◆ **Problem**: After locating "(nat \<Rightarrow> 'a) \<Rightarrow> 'a set" in the listing below, copy that line and each one after it exactly, ending with the line that has "m \<longleftrightarrow> (\<forall>e".
+ + + + +
(* Let $G$ be connected with weights $w:E\to\mathbb{R}_{>0}$, let $\pi$ be a vertex order and let $m_C$ be a customized metric on $G_\pi^*$. Run the perfect customization: set $m:=m_C$, and process the edges $\{x,y\}$ of $G_\pi^*$, with $x$ the lower-ranked endpoint, in nonincreasing order of the rank of $x$ (ties arbitrary); when processing $\{x,y\}$, for every vertex $z\neq y$ of rank larger than the rank of $x$ that is adjacent to both $x$ and $y$ in $G_\pi^*$, set $m(\{x,y\}):=\min\{m(\{x,y\}),m(\{x,z\})+m(\{z,y\})\}$ using current values. Then the resulting metric $m_P$ satisfies $m_P(\{x,y\})=\mathrm{dist}_I(x,y)$ for every edge $\{x,y\}$ of $G_\pi^*$, i.e. $m_P$ is the perfect metric.
   Context: Let $G=(V,E)$ be a finite simple undirected graph with $n=|V|$ vertices. A vertex order is a bijection $\pi:\{1,\dots,n\}\to V$; the rank of $v$ is $\pi^{-1}(v)$. Contracting a vertex $v$ in a graph means deleting $v$ and its incident edges and adding an edge between every pair of former neighbors of $v$ that are not already adjacent. The core graph $G_{\pi,i}$ is obtained from $G$ by contracting $\pi(1),\dots,\pi(i-1)$ in this order. $G_\pi^*$ is the graph on $V$ whose edge set is the union of the edge sets of all $G_{\pi,i}$, $i=1,\dots,n$ (i.e. $G$ together with all edges inserted during the contractions). Let $w:E\to\mathbb{R}_{>0}$ and let $\mathrm{dist}_I(s,t)$ be the shortest $s$–$t$ path length in $(G,w)$. A metric is a map $m$ assigning to every edge of $G_\pi^*$ a value in $\mathbb{R}_{>0}\cup\{\infty\}$; the $m$-length of a path in $G_\pi^*$ is the sum of $m$ over its edges. An up-down path is a path $v_0,\dots,v_k$ in $G_\pi^*$ for which there is $j$ with the ranks strictly increasing along $v_0,\dots,v_j$ and strictly decreasing along $v_j,\dots,v_k$. $\mathrm{dist}_A(s,t)$ is the minimum $m$-length of an $s$–$t$ path in $G_\pi^*$, and $\mathrm{dist}_{UD}(s,t)$ the minimum $m$-length of an up-down $s$–$t$ path ($\infty$ if none). The metric $m$ respects $w$ if $\mathrm{dist}_A(s,t)=\mathrm{dist}_I(s,t)$ for all $s,t$; it is customized if moreover $\mathrm{dist}_{UD}(s,t)=\mathrm{dist}_A(s,t)$ for all $s,t$. The perfect metric is the metric $m_P(\{x,y\})=\mathrm{dist}_I(x,y)$ for every edge $\{x,y\}$ of $G_\pi^*$. *)

theory Defs
  imports Main "HOL-Library.Extended_Real"
begin

definition simple_graph :: "'a set \<Rightarrow> 'a set set \<Rightarrow> bool" where
  "simple_graph V E \<longleftrightarrow> finite V \<and>
     E \<subseteq> {{a, b} | a b. a \<noteq> b \<and> a \<in> V \<and> b \<in> V}"

definition is_path :: "'a set set \<Rightarrow> 'a list \<Rightarrow> 'a \<Rightarrow> 'a \<Rightarrow> bool" where
  "is_path F p s t \<longleftrightarrow> p \<noteq> [] \<and> hd p = s \<and> last p = t \<and> distinct p \<and>
     (\<forall>i < length p - 1. {p ! i, p ! Suc i} \<in> F)"

definition connected_graph :: "'a set \<Rightarrow> 'a set set \<Rightarrow> bool" where
  "connected_graph V E \<longleftrightarrow> (\<forall>s\<in>V. \<forall>t\<in>V. \<exists>p. is_path E p s t)"

definition plen :: "('a set \<Rightarrow> ereal) \<Rightarrow> 'a list \<Rightarrow> ereal" where
  "plen m p = sum_list (map (\<lambda>i. m {p ! i, p ! Suc i}) [0..<length p - 1])"

definition dist :: "'a set set \<Rightarrow> ('a set \<Rightarrow> ereal) \<Rightarrow> 'a \<Rightarrow> 'a \<Rightarrow> ereal" where
  "dist F m s t = Inf {plen m p | p. is_path F p s t}"

definition dist_I :: "'a set set \<Rightarrow> ('a set \<Rightarrow> real) \<Rightarrow> 'a \<Rightarrow> 'a \<Rightarrow> ereal" where
  "dist_I E w s t = dist E (\<lambda>e. ereal (w e)) s t"

definition vertex_order :: "'a set \<Rightarrow> (nat \<Rightarrow> 'a) \<Rightarrow> bool" where
  "vertex_order V \<pi> \<longleftrightarrow> bij_betw \<pi> {1..card V} V"

definition rank :: "'a set \<Rightarrow> (nat \<Rightarrow> 'a) \<Rightarrow> 'a \<Rightarrow> nat" where
  "rank V \<pi> v = inv_into {1..card V} \<pi> v"

definition contract :: "'a set set \<Rightarrow> 'a \<Rightarrow> 'a set set" where
  "contract F v = {e \<in> F. v \<notin> e} \<union>
     {{a, b} | a b. a \<noteq> b \<and> {v, a} \<in> F \<and> {v, b} \<in> F}"

text \<open>core_edges E pi k: edges of the graph obtained by contracting
  pi 1, ..., pi k in this order; so the core graph G_{pi,i} has edge set
  core_edges E pi (i - 1).\<close>

fun core_edges :: "'a set set \<Rightarrow> (nat \<Rightarrow> 'a) \<Rightarrow> nat \<Rightarrow> 'a set set" where
  "core_edges E \<pi> 0 = E"
| "core_edges E \<pi> (Suc k) = contract (core_edges E \<pi> k) (\<pi> (Suc k))"

definition Gstar :: "'a set \<Rightarrow> 'a set set \<Rightarrow> (nat \<Rightarrow> 'a) \<Rightarrow> 'a set set" where
  "Gstar V E \<pi> = (\<Union>i\<in>{1..card V}. core_edges E \<pi> (i - 1))"

definition is_metric :: "'a set \<Rightarrow> 'a set set \<Rightarrow> (nat \<Rightarrow> 'a) \<Rightarrow> ('a set \<Rightarrow> ereal) \<Rightarrow> bool" where
  "is_metric V E \<pi> m \<longleftrightarrow> (\<forall>e \<in> Gstar V E \<pi>. m e > 0)"

definition dist_A :: "'a set \<Rightarrow> 'a set set \<Rightarrow> (nat \<Rightarrow> 'a) \<Rightarrow> ('a set \<Rightarrow> ereal) \<Rightarrow> 'a \<Rightarrow> 'a \<Rightarrow> ereal" where
  "dist_A V E \<pi> m s t = dist (Gstar V E \<pi>) m s t"

definition up_down :: "('a \<Rightarrow> nat) \<Rightarrow> 'a list \<Rightarrow> bool" where
  "up_down rk p \<longleftrightarrow> (\<exists>j < length p.
     sorted_wrt (<) (map rk (take (Suc j) p)) \<and> sorted_wrt (>) (map rk (drop j p)))"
+ + + + +
◆ **Exercise result**:
definition Gstar :: "'a set \<Rightarrow> 'a set set \<Rightarrow> (nat \<Rightarrow> 'a) \<Rightarrow> 'a set set" where
  "Gstar V E \<pi> = (\<Union>i\<in>{1..card V}. core_edges E \<pi> (i - 1))"

definition is_metric :: "'a set \<Rightarrow> 'a set set \<Rightarrow> (nat \<Rightarrow> 'a) \<Rightarrow> ('a set \<Rightarrow> ereal) \<Rightarrow> bool" where
  "is_metric V E \<pi> m \<longleftrightarrow> (\<forall>e \<in> Gstar V E \<pi>. m e > 0)"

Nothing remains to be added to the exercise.